Design of dendrimer modified carbon nanotubes for gene delivery

Objective: To investigate the efficiency of polyamidoamine dendrimer grafted carbon nanotube ( dendrimer- CNT) mediated entrance of anti- survivin oligonucleotide into MCF- 7 cells, and its effects on the growth of MCF- 7 cells. Methods: Antisense survivin oligonucleotide was anchored onto polyamidoamine dendrimer grafted carbon nanotubes to form dendrimer- CNT- asODN complex and the complex was characterized by Zeta potential, AFM, TEM, and 1% agarose gel electrophoresis analysis. Dendrimer- CNT- asODN complexes were added into the medium and incubated with MCF- 7 cells.

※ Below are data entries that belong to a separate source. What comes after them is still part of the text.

(* Let $(S,\mathcal{S},\mu)$ be a $\sigma$-finite measure space with the approximation-by-averaging property, $q\in[2,\infty)$, $p\in[1,q]$, $X\in L^1(\Omega;L^p(S))$. For all $\ell\in\mathbb{N}$ let $X_\ell\in L^q(\Omega;L^p(S))\cap L^p(S;L^q(\Omega))$, $X_0:=0$, $\xi_\ell:=X_\ell-X_{\ell-1}$, let $\mathcal{C}_\ell$ be the cost of one sample of $\xi_\ell$, and suppose there are $\alpha,\beta,\gamma,C_\alpha,C_\beta,C_\gamma\in(0,\infty)$, $A>1$ and integers $N_\ell\eqsim A^\ell$ with, for all $\ell$, $$\|\mathbb{E}[X]-\mathbb{E}[X_\ell]\|_{L^p(S)}\le C_\alpha N_\ell^{-\alpha},\quad\|X_\ell-\mathbb{E}[X_\ell]-(X_{\ell-1}-\mathbb{E}[X_{\ell-1}])\|_{L^p(S;L^q(\Omega))}\le C_\beta N_\ell^{-\beta},\quad\mathcal{C}_\ell\le C_\gamma N_\ell^\gamma.$$ For each $\ell$ let $(\xi_{\ell,j})_j$ be independent copies of $\xi_\ell$. Then for every $\epsilon\in(0,1/2]$ there exist $L,M_1,\dots,M_L\in\mathbb{N}$ with $$\Big\|\mathbb{E}[X]-\sum_{\ell=1}^L\frac1{M_\ell}\sum_{j=1}^{M_\ell}\xi_{\ell,j}\Big\|_{L^q(\Omega;L^p(S))}<\epsilon$$ at cost $\sum_\ell M_\ell\mathcal{C}_\ell\lesssim\epsilon^{-\gamma/\alpha}+\epsilon^{-2}$ if $\beta>\gamma/2$; $\lesssim\epsilon^{-\gamma/\alpha}+\epsilon^{-2}|\log_A\epsilon|^3$ if $\beta=\gamma/2$; $\lesssim\epsilon^{-\gamma/\alpha}+\epsilon^{-2-\frac{\gamma-2\beta}{\alpha}}$ if $\beta<\gamma/2$ (implicit constants independent of $\epsilon$).
   Context: Approximation-by-averaging property: for every $n$ there is a finite or countable family $\{B^n_\kappa\}$ of pairwise disjoint measurable sets of positive finite $\mu$-measure such that for every Banach $E$, $p\in[1,\infty)$, $f\in L^p(S;E)$, $\sum_\kappa\mathbf{1}_{B^n_\kappa}\mu(B^n_\kappa)^{-1}\int_{B^n_\kappa}f\,d\mu\to f$ in $L^p(S;E)$. $L^p(S;L^q(\Omega))$-norms of $L^p(S)$-valued random variables are taken for their jointly measurable versions: $(\int_S(\mathbb{E}|\tilde\xi(s,\cdot)|^q)^{p/q}d\mu)^{1/p}$. *)

theory Defs
  imports "HOL-Probability.Probability"
begin

(* Power of an extended nonnegative real; only used with positive exponents r > 0,
   where it agrees with the usual convention infinity^r = infinity. *)
definition epowr :: "ennreal \<Rightarrow> real \<Rightarrow> ennreal" where
  "epowr x r = (if x = \<top> then \<top> else ennreal (enn2real x powr r))"

definition Lp_norm :: "'s measure \<Rightarrow> real \<Rightarrow> ('s \<Rightarrow> real) \<Rightarrow> ennreal" where
  "Lp_norm S p f = epowr (\<integral>\<^sup>+ s. ennreal (\<bar>f s\<bar> powr p) \<partial>S) (1 / p)"

definition Lqp_norm :: "'w measure \<Rightarrow> 's measure \<Rightarrow> real \<Rightarrow> real \<Rightarrow> ('w \<Rightarrow> 's \<Rightarrow> real) \<Rightarrow> ennreal" where
  "Lqp_norm P S q p Y =
     epowr (\<integral>\<^sup>+ \<omega>. epowr (\<integral>\<^sup>+ s. ennreal (\<bar>Y \<omega> s\<bar> powr p) \<partial>S) (q / p) \<partial>P) (1 / q)"

definition Lpq_norm :: "'w measure \<Rightarrow> 's measure \<Rightarrow> real \<Rightarrow> real \<Rightarrow> ('w \<Rightarrow> 's \<Rightarrow> real) \<Rightarrow> ennreal" where
  "Lpq_norm P S p q Y =
     epowr (\<integral>\<^sup>+ s. epowr (\<integral>\<^sup>+ \<omega>. ennreal (\<bar>Y \<omega> s\<bar> powr q) \<partial>P) (p / q) \<partial>S) (1 / p)"

definition jointly_measurable :: "'w measure \<Rightarrow> 's measure \<Rightarrow> ('w \<Rightarrow> 's \<Rightarrow> real) \<Rightarrow> bool" where
  "jointly_measurable P S Y \<longleftrightarrow> (\<lambda>(\<omega>, s). Y \<omega> s) \<in> borel_measurable (P \<Otimes>\<^sub>M S)"

(* E[Y] as an element of L^p(S), via the jointly measurable version: s |-> E[Y(.,s)] *)
definition expec :: "'w measure \<Rightarrow> ('w \<Rightarrow> 's \<Rightarrow> real) \<Rightarrow> 's \<Rightarrow> real" where
  "expec P Y = (\<lambda>s. \<integral>\<omega>. Y \<omega> s \<partial>P)"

MTT method was used to detect the effects of asODN and dendrimer- CNT- asODN on the growth of MCF- 7 cells. TEM was used to observe the distribution of dendrimer- CNT- asODN complex within MCF- 7 cells. Results: Successful synthesis of dendrimer- CNT- asODN complexes was proved by TEM, AFM and agarose gel electrophoresis. TEM showed that the complexes were located in the cytoplasm, endosome, and lysosome within MCF- 7 cells. When dendrimer- CNT- asODN ( 1.0 mu mol/ L) and asODN ( 1.0 mu mol/ L) were used for 120 h incubation, the inhibitory rates of MCF- 7 cells were ( 28.22 +/- 3.5)% for dendrimer- CNT- asODN complex group, ( 9.23 +/- 0.56)% for only asODN group, and ( 3.44 +/- 0.25)% for dendrimer- CNT group. Dendrimer- CNT- asODN complex at 3.0 mu mol/ L inhibited MCF- 7 cells by ( 30.30 mu 10.62)%, and the inhibitory effects were in a time- and concentration- dependent manner. Conclusion: Dendrimer- CNT nanoparticles may serve as a gene delivery vector with high efficiency, which can bring foreign gene into cancer cells, inhibiting cancer cell proliferation and markedly enhancing the cancer therapy effects.